In the mold 301 of the present invention, the end of the line of each pattern region is between the pattern regions at the boundary part of at least one set of pattern regions among the pattern regions in the adjacent relationship as illustrated in FIGS. It is located in a zigzag direction along the boundary.

18 is an enlarged plan view of a portion surrounded by a chain line in FIG. In FIG. 18, the concavo-convex structure 310 included in the pattern region P _A is a line-and-space structure in which convex portions 311 (parts with halftone dots) are arranged in parallel via the concave portions 312, and the line axis direction is illustrated. Along the arrow Y direction. At every other end in the axial direction (Y direction shown in the figure), the protrusions 311 are connected between the adjacent protrusions 311 by the protrusions 311a, and are thus continuous in a meandering state. .
On the other hand, the concavo-convex structure 320 of the pattern region P _B is a line-and-space structure in which convex portions 321 (parts with halftone dots) are arranged in parallel via the concave portions 322, and the line axis direction is the arrow Y shown in the drawing. It is along the direction, and the line axis of the convex portion 321 is coincident with the line axis of the convex portion 311 of the pattern region P _a. Furthermore, wide protrusion 325, 325 for the lead wire so as to be continuous to both end portions of the projecting portion 311 of the serpentine state, parallel to the ridge 311 and the projection 321, the pattern from the pattern area P _A region P _B Is continuous. In FIG. 18, the boundary portion between the pattern area P _A and the pattern area P _B is indicated by a one-dot chain line.
The widths of the convex portions 311 and 321 constituting the concavo-convex structures 310 and 320 can be appropriately set within a range of 5 to 50 nm, and the widths of the concave portions 312 and 322 can be appropriately set within a range of 5 to 50 nm.

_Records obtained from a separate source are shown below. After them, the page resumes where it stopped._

(* Let $(\mathbb S,+,\cdot)$ be an S-Ring. Then its Unity is unique and equals $1$; that is, $e=1$ is the unique Unity of $(\mathbb S,+,\cdot)$.
   Context: An S-Structure is a triple $(\mathbb S,+,\cdot)$ where $\mathbb S$ is a set and $+,\cdot$ are binary operations on $\mathbb S$ such that: $(\mathbb S,+)$ is a commutative group with identity $0$ (the inverse of $s$ is written $-s$, and $s-t:=s+(-t)$); $\mathbb S$ is closed under $\cdot$; and there exists $s\in\mathbb S$ with $0\cdot s\neq 0$ or $s\cdot 0\neq 0$. Multiplication binds tighter than addition. The structures considered come with a distinguished element of $\mathbb S$ denoted $1$. It is Commutative if $s\cdot t=t\cdot s$ for all $s,t$. For a Commutative S-Structure and $\alpha\in\mathbb S$, put $\mathbb S_\alpha=\{s\in\mathbb S:0\cdot s=s\cdot 0=\alpha\}$ and $\Lambda=\{\alpha\in\mathbb S:\mathbb S_\alpha\neq\emptyset\}$. Wheel Distributive: $s\cdot(t+r)+(s\cdot 0)=(s\cdot t)+(s\cdot r)$ for all $s,t,r\in\mathbb S$. S-Associative: for all $m,n\in\mathbb S_0$ and $s\in\mathbb S$, $m\cdot(n\cdot s)=(m\cdot n)\cdot s-([(m-1)\cdot(n-1)]\cdot(0\cdot s))$. Base: if $\mathbb S_0\neq\emptyset$ and $\alpha\in\Lambda$, $q\in\mathbb S_\alpha$ is a Base for $\mathbb S_\alpha$ if $q+\beta\in\mathbb S_\alpha$ for all $\beta\in\mathbb S_0$ and every $s\in\mathbb S_\alpha$ equals $q+\beta$ for some $\beta\in\mathbb S_0$. Coordinated: $\mathbb S_0\neq\emptyset$ and every $\mathbb S_\alpha$ with $\alpha\in\Lambda$ has a Base. Standard Bases: a Coordinated Commutative S-Structure has Standard Bases if there is a specified element $q_0(1)\in\mathbb S_1$ which is a Base for $\mathbb S_1$, and for every $\alpha\in\Lambda$ the element $q_0(\alpha):=\alpha\cdot(q_0(1)+1)-1$ lies in $\mathbb S_\alpha$ and is a Base for $\mathbb S_\alpha$. An Essential S-Structure is an S-Structure that is Commutative, Wheel Distributive, S-Associative, has Standard Bases (in particular is Coordinated), satisfies $0,1\in\mathbb S_0$, and satisfies $\mathbb S_0=\{1\cdot x:x\in\mathbb S_0\}$. A Unity of a Commutative S-Structure is an element $e\in\Lambda$ with $e\cdot s=s\cdot e=s$ for all $s\in\mathbb S$. An S-Ring is an Essential S-Structure which has a Unity. *)

theory Defs
  imports Main
begin

definition S_structure ::
  "'a set \<Rightarrow> ('a \<Rightarrow> 'a \<Rightarrow> 'a) \<Rightarrow> ('a \<Rightarrow> 'a \<Rightarrow> 'a) \<Rightarrow> ('a \<Rightarrow> 'a) \<Rightarrow> 'a \<Rightarrow> 'a \<Rightarrow> bool" where
  "S_structure S pl tm ng z u \<longleftrightarrow>
     z \<in> S \<and> u \<in> S \<and>
     (\<forall>s\<in>S. \<forall>t\<in>S. pl s t \<in> S) \<and>
     (\<forall>s\<in>S. \<forall>t\<in>S. \<forall>r\<in>S. pl (pl s t) r = pl s (pl t r)) \<and>
     (\<forall>s\<in>S. \<forall>t\<in>S. pl s t = pl t s) \<and>
     (\<forall>s\<in>S. pl z s = s) \<and>
     (\<forall>s\<in>S. ng s \<in> S \<and> pl s (ng s) = z) \<and>
     (\<forall>s\<in>S. \<forall>t\<in>S. tm s t \<in> S) \<and>
     (\<exists>s\<in>S. tm z s \<noteq> z \<or> tm s z \<noteq> z)"

definition S_commutative :: "'a set \<Rightarrow> ('a \<Rightarrow> 'a \<Rightarrow> 'a) \<Rightarrow> bool" where
  "S_commutative S tm \<longleftrightarrow> (\<forall>s\<in>S. \<forall>t\<in>S. tm s t = tm t s)"

definition S_alpha :: "'a set \<Rightarrow> ('a \<Rightarrow> 'a \<Rightarrow> 'a) \<Rightarrow> 'a \<Rightarrow> 'a \<Rightarrow> 'a set" where
  "S_alpha S tm z \<alpha> = {s \<in> S. tm z s = \<alpha> \<and> tm s z = \<alpha>}"

definition S_Lambda :: "'a set \<Rightarrow> ('a \<Rightarrow> 'a \<Rightarrow> 'a) \<Rightarrow> 'a \<Rightarrow> 'a set" where
  "S_Lambda S tm z = {\<alpha> \<in> S. S_alpha S tm z \<alpha> \<noteq> {}}"

definition wheel_distributive ::
  "'a set \<Rightarrow> ('a \<Rightarrow> 'a \<Rightarrow> 'a) \<Rightarrow> ('a \<Rightarrow> 'a \<Rightarrow> 'a) \<Rightarrow> 'a \<Rightarrow> bool" where
  "wheel_distributive S pl tm z \<longleftrightarrow>
     (\<forall>s\<in>S. \<forall>t\<in>S. \<forall>r\<in>S. pl (tm s (pl t r)) (tm s z) = pl (tm s t) (tm s r))"

definition S_associative ::
  "'a set \<Rightarrow> ('a \<Rightarrow> 'a \<Rightarrow> 'a) \<Rightarrow> ('a \<Rightarrow> 'a \<Rightarrow> 'a) \<Rightarrow> ('a \<Rightarrow> 'a) \<Rightarrow> 'a \<Rightarrow> 'a \<Rightarrow> bool" where
  "S_associative S pl tm ng z u \<longleftrightarrow>
     (\<forall>m\<in>S_alpha S tm z z. \<forall>n\<in>S_alpha S tm z z. \<forall>s\<in>S.
        tm m (tm n s) =
          pl (tm (tm m n) s) (ng (tm (tm (pl m (ng u)) (pl n (ng u))) (tm z s))))"

definition is_base ::
  "'a set \<Rightarrow> ('a \<Rightarrow> 'a \<Rightarrow> 'a) \<Rightarrow> ('a \<Rightarrow> 'a \<Rightarrow> 'a) \<Rightarrow> 'a \<Rightarrow> 'a \<Rightarrow> 'a \<Rightarrow> bool" where
  "is_base S pl tm z \<alpha> q \<longleftrightarrow>
     q \<in> S_alpha S tm z \<alpha> \<and>
     (\<forall>\<beta>\<in>S_alpha S tm z z. pl q \<beta> \<in> S_alpha S tm z \<alpha>) \<and>
     (\<forall>s\<in>S_alpha S tm z \<alpha>. \<exists>\<beta>\<in>S_alpha S tm z z. s = pl q \<beta>)"

definition coordinated ::
  "'a set \<Rightarrow> ('a \<Rightarrow> 'a \<Rightarrow> 'a) \<Rightarrow> ('a \<Rightarrow> 'a \<Rightarrow> 'a) \<Rightarrow> 'a \<Rightarrow> bool" where
  "coordinated S pl tm z \<longleftrightarrow>
     S_alpha S tm z z \<noteq> {} \<and>
     (\<forall>\<alpha>\<in>S_Lambda S tm z. \<exists>q. is_base S pl tm z \<alpha> q)"

definition standard_bases ::
  "'a set \<Rightarrow> ('a \<Rightarrow> 'a \<Rightarrow> 'a) \<Rightarrow> ('a \<Rightarrow> 'a \<Rightarrow> 'a) \<Rightarrow> ('a \<Rightarrow> 'a) \<Rightarrow> 'a \<Rightarrow> 'a \<Rightarrow> 'a \<Rightarrow> bool" where
  "standard_bases S pl tm ng z u q1 \<longleftrightarrow>
     coordinated S pl tm z \<and>
     q1 \<in> S_alpha S tm z u \<and> is_base S pl tm z u q1 \<and>
     (\<forall>\<alpha>\<in>S_Lambda S tm z.
        pl (tm \<alpha> (pl q1 u)) (ng u) \<in> S_alpha S tm z \<alpha> \<and>
        is_base S pl tm z \<alpha> (pl (tm \<alpha> (pl q1 u)) (ng u)))"

definition essential_S_structure ::
  "'a set \<Rightarrow> ('a \<Rightarrow> 'a \<Rightarrow> 'a) \<Rightarrow> ('a \<Rightarrow> 'a \<Rightarrow> 'a) \<Rightarrow> ('a \<Rightarrow> 'a) \<Rightarrow> 'a \<Rightarrow> 'a \<Rightarrow> 'a \<Rightarrow> bool" where
  "essential_S_structure S pl tm ng z u q1 \<longleftrightarrow>
     S_structure S pl tm ng z u \<and>
     S_commutative S tm \<and>
     wheel_distributive S pl tm z \<and>
     S_associative S pl tm ng z u \<and>
     standard_bases S pl tm ng z u q1 \<and>
     z \<in> S_alpha S tm z z \<and> u \<in> S_alpha S tm z z \<and>
     S_alpha S tm z z = {tm u x | x. x \<in> S_alpha S tm z z}"

definition is_unity :: "'a set \<Rightarrow> ('a \<Rightarrow> 'a \<Rightarrow> 'a) \<Rightarrow> 'a \<Rightarrow> 'a \<Rightarrow> bool" where
  "is_unity S tm z e \<longleftrightarrow>
     e \<in> S_Lambda S tm z \<and> (\<forall>s\<in>S. tm e s = s \<and> tm s e = s)"

definition S_ring ::
  "'a set \<Rightarrow> ('a \<Rightarrow> 'a \<Rightarrow> 'a) \<Rightarrow> ('a \<Rightarrow> 'a \<Rightarrow> 'a) \<Rightarrow> ('a \<Rightarrow> 'a) \<Rightarrow> 'a \<Rightarrow> 'a \<Rightarrow> 'a \<Rightarrow> bool" where
  "S_ring S pl tm ng z u q1 \<longleftrightarrow>
     essential_S_structure S pl tm ng z u q1 \<and> (\<exists>e. is_unity S tm z e)"

end

theory Submission
  imports Defs
begin

text \<open>A Unity \<open>e\<close> lies in \<open>\<Lambda>\<close>, so the standard base \<open>q\<^sub>0(e) = e\<cdot>(q\<^sub>0(1) + 1) - 1\<close> of
  \<open>\<S>\<^sub>e\<close> collapses to \<open>q\<^sub>0(1)\<close>. Thus \<open>q\<^sub>0(1)\<close> lies in both \<open>\<S>\<^sub>e\<close> and \<open>\<S>\<^sub>1\<close>; these sets
  are disjoint for \<open>e \<noteq> 1\<close>, so every Unity equals \<open>1\<close>, and a Unity exists by assumption.\<close>

lemma S_structure_add_neg_cancel_right:
  assumes "S_structure S pl tm ng z u" and "s \<in> S" and "t \<in> S"
  shows "pl (pl s t) (ng t) = s"
proof -
  from assms(1) have
    assoc: "\<forall>s\<in>S. \<forall>t\<in>S. \<forall>r\<in>S. pl (pl s t) r = pl s (pl t r)" and
    comm: "\<forall>s\<in>S. \<forall>t\<in>S. pl s t = pl t s" and
    zero: "\<forall>s\<in>S. pl z s = s" and
    neg: "\<forall>s\<in>S. ng s \<in> S \<and> pl s (ng s) = z" and
    "z \<in> S"
    unfolding S_structure_def by blast+
  have "pl (pl s t) (ng t) = pl s (pl t (ng t))" using assoc neg assms(2,3) by simp
  also have "\<dots> = pl z s" using neg comm \<open>z \<in> S\<close> assms(2,3) by simp
  also have "\<dots> = s" using zero assms(2) by simp
  finally show ?thesis .
qed

lemma S_alpha_disjoint:
  assumes "s \<in> S_alpha S tm z \<alpha>" and "s \<in> S_alpha S tm z \<beta>"
  shows "\<alpha> = \<beta>"
  using assms by (simp add: S_alpha_def)

lemma standard_base_of_unity:
  assumes "S_structure S pl tm ng z u" and "standard_bases S pl tm ng z u q1"
    and "is_unity S tm z e"
  shows "q1 \<in> S_alpha S tm z e"
proof -
  have q1: "q1 \<in> S" using assms(2) by (simp add: standard_bases_def S_alpha_def)
  have "u \<in> S" and "pl q1 u \<in> S" using assms(1) q1 by (simp_all add: S_structure_def)
  then have "pl (tm e (pl q1 u)) (ng u) = q1"
    using assms(3) q1 S_structure_add_neg_cancel_right[OF assms(1)] by (simp add: is_unity_def)
  moreover have "pl (tm e (pl q1 u)) (ng u) \<in> S_alpha S tm z e"
    using assms(2,3) by (simp add: standard_bases_def is_unity_def)
  ultimately show ?thesis by simp
qed

lemma S_ring_unity_eq_one:
  assumes "S_ring S pl tm ng z u q1" and "is_unity S tm z e"
  shows "e = u"
proof -
  have "S_structure S pl tm ng z u" and sb: "standard_bases S pl tm ng z u q1"
    using assms(1) by (simp_all add: S_ring_def essential_S_structure_def)
  then have "q1 \<in> S_alpha S tm z e" using assms(2) by (rule standard_base_of_unity)
  moreover have "q1 \<in> S_alpha S tm z u" using sb by (simp add: standard_bases_def)
  ultimately show ?thesis by (rule S_alpha_disjoint)
qed

theorem proposition3p2p1:
  fixes S :: "'a set" and pl tm :: "'a \<Rightarrow> 'a \<Rightarrow> 'a" and ng :: "'a \<Rightarrow> 'a"
    and z u q1 :: 'a
  assumes "S_ring S pl tm ng z u q1"
  shows "is_unity S tm z u \<and> (\<forall>e. is_unity S tm z e \<longrightarrow> e = u)"
proof -
  obtain e where "is_unity S tm z e" using assms by (auto simp: S_ring_def)
  moreover have "\<forall>e. is_unity S tm z e \<longrightarrow> e = u"
    using S_ring_unity_eq_one[OF assms] by blast
  ultimately show ?thesis by auto
qed

end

Further, the upper side in FIG pattern region P _A, an end portion 311T of the plurality of protrusions 311, every other, since the protruding pattern area P _B direction than adjacent ends 311T, protrusion 311 The end portion 311t is zigzag in the direction along the boundary between the pattern region P _A and the pattern region P _B. Similarly, the end portion 321T of the plurality of protrusions 321 of the pattern area P _B is every other, since the protruding pattern regions P _A direction than adjacent ends 321T, end 321T of the protrusion 321 The zigzag is located in the direction along the boundary between the pattern area P _A and the pattern area P _B. Further, the lower side in view of the pattern area P _A, an end portion 311T of the plurality of protrusions 311, alternately with two units, since the protruding pattern area P _B direction than adjacent ends 311T, The end 311t of the convex portion 311 is located in a zigzag manner in the direction along the boundary between the pattern region P _A and the pattern region P _B. Similarly, the end portion 321T of the plurality of protrusions 321 of the pattern area P _B are alternately two units, since the protruding pattern regions P _A direction than adjacent ends 321T, the ends of the protrusions 321 321t is located in a zigzag manner in the direction along the boundary between the pattern area P _A and the pattern area P _B. And as for the convex part 311 and the convex part 321 which have a common line axis, the edge part 311t and the edge part 321t have opposed through the boundary part of desired width. Accordingly, the gap between the end 311t of the convex portion 311 and the end 321t of the convex portion 321 is located in a zigzag manner in the direction along the boundary between the pattern region P _A and the pattern region P _B. Such end 311t and the end portion 321t and a length of the gap which faces (length of the arrow Y direction) may be uniform, and may be different, and the pattern region P _A It can be set in a range that can prevent the flow of liquid droplets in the direction along the boundary with the pattern region P _B, and can be set as appropriate in the range of 1 to 400 nm, for example. In the illustrated example, between the lower and upper in the figure in the pattern area P _A, an end portion 311t constituting the zigzag, but is different form of end 321T, it may be the same form Of course.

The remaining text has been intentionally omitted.